### Activity
Copy out each line of the material in which the word "mathbb" can be found.

### Recorded information

◇ ◇ ◇ ◇

(* Let $\alpha\in(0,2)$ and let $J:\mathbb R^d\to\mathbb R$ be bounded measurable with $\int_{r<|z|\le R}z\,J(z)|z|^{-d-1}dz=0$ for all $0<r<R<\infty$. Let $T>0$ and $G_t(x):(0,T)\times\mathbb R^d\to\mathbb R$ be $C^2$ in $x$, and suppose that for each $j=0,1,2$ there are $C_j>0$, $\beta_j\ge0$ with $|\nabla^jG_t(x)|\le C_j\eta_{\alpha,\alpha-\beta_j-j}(t,x)$ for $t\in(0,T)$, $x\in\mathbb R^d$. Then for any $\gamma\in[0,(2-\alpha)\wedge1)$ there is $C=C(\gamma,d,\alpha)>0$ with $$|\widetilde{\mathscr L}^JG_t(x)|\le C\|J\|_\infty\Big(C_0t^{-\beta_0/2}+C_1t^{-\beta_1/2}+C_1^\gamma C_2^{1-\gamma}t^{-\frac{\gamma\beta_1+(1-\gamma)\beta_2}2}\Big)\eta_{\alpha,0}(t,x).$$
   Context: $\eta_{\alpha,\gamma}(t,x):=t^{\gamma/2}(|x|+t^{1/2})^{-d-\alpha}$. $z^{(\alpha)}:=z1_{\alpha\in(1,2)}+z1_{\{|z|\le1\}}1_{\alpha=1}$; $\widetilde{\mathscr L}^Jf(x):=\int_{\mathbb R^d}(f(x+z)-f(x)-z^{(\alpha)}\cdot\nabla f(x))J(z)|z|^{-d-\alpha}dz$. $d\ge2$. *)

theory Defs
  imports "HOL-Analysis.Analysis"
begin

definition eta :: "real \<Rightarrow> real \<Rightarrow> real \<Rightarrow> 'a::euclidean_space \<Rightarrow> real" where
  "eta \<alpha> \<gamma> t x = t powr (\<gamma> / 2) * (norm x + sqrt t) powr (- real DIM('a) - \<alpha>)"

definition zalpha :: "real \<Rightarrow> 'a::euclidean_space \<Rightarrow> 'a" where
  "zalpha \<alpha> z = (if 1 < \<alpha> \<and> \<alpha> < 2 then z
                   else if \<alpha> = 1 \<and> norm z \<le> 1 then z else 0)"

definition opLJ :: "real \<Rightarrow> ('a::euclidean_space \<Rightarrow> real) \<Rightarrow> ('a \<Rightarrow> real) \<Rightarrow> 'a \<Rightarrow> real" where
  "opLJ \<alpha> J f x = (LINT z|lborel.
      (f (x + z) - f x - frechet_derivative f (at x) (zalpha \<alpha> z))
        * J z * norm z powr (- real DIM('a) - \<alpha>))"

definition supnorm :: "('a \<Rightarrow> real) \<Rightarrow> real" where
  "supnorm J = (SUP z. \<bar>J z\<bar>)"

end

theory Submission
  imports Defs
begin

◇ ◇ ◇ ◇

### Solution to this problem
(* Let $\alpha\in(0,2)$ and let $J:\mathbb R^d\to\mathbb R$ be bounded measurable with $\int_{r<|z|\le R}z\,J(z)|z|^{-d-1}dz=0$ for all $0<r<R<\infty$. Let $T>0$ and $G_t(x):(0,T)\times\mathbb R^d\to\mathbb R$ be $C^2$ in $x$, and suppose that for each $j=0,1,2$ there are $C_j>0$, $\beta_j\ge0$ with $|\nabla^jG_t(x)|\le C_j\eta_{\alpha,\alpha-\beta_j-j}(t,x)$ for $t\in(0,T)$, $x\in\mathbb R^d$. Then for any $\gamma\in[0,(2-\alpha)\wedge1)$ there is $C=C(\gamma,d,\alpha)>0$ with $$|\widetilde{\mathscr L}^JG_t(x)|\le C\|J\|_\infty\Big(C_0t^{-\beta_0/2}+C_1t^{-\beta_1/2}+C_1^\gamma C_2^{1-\gamma}t^{-\frac{\gamma\beta_1+(1-\gamma)\beta_2}2}\Big)\eta_{\alpha,0}(t,x).$$
   Context: $\eta_{\alpha,\gamma}(t,x):=t^{\gamma/2}(|x|+t^{1/2})^{-d-\alpha}$. $z^{(\alpha)}:=z1_{\alpha\in(1,2)}+z1_{\{|z|\le1\}}1_{\alpha=1}$; $\widetilde{\mathscr L}^Jf(x):=\int_{\mathbb R^d}(f(x+z)-f(x)-z^{(\alpha)}\cdot\nabla f(x))J(z)|z|^{-d-\alpha}dz$. $d\ge2$. *)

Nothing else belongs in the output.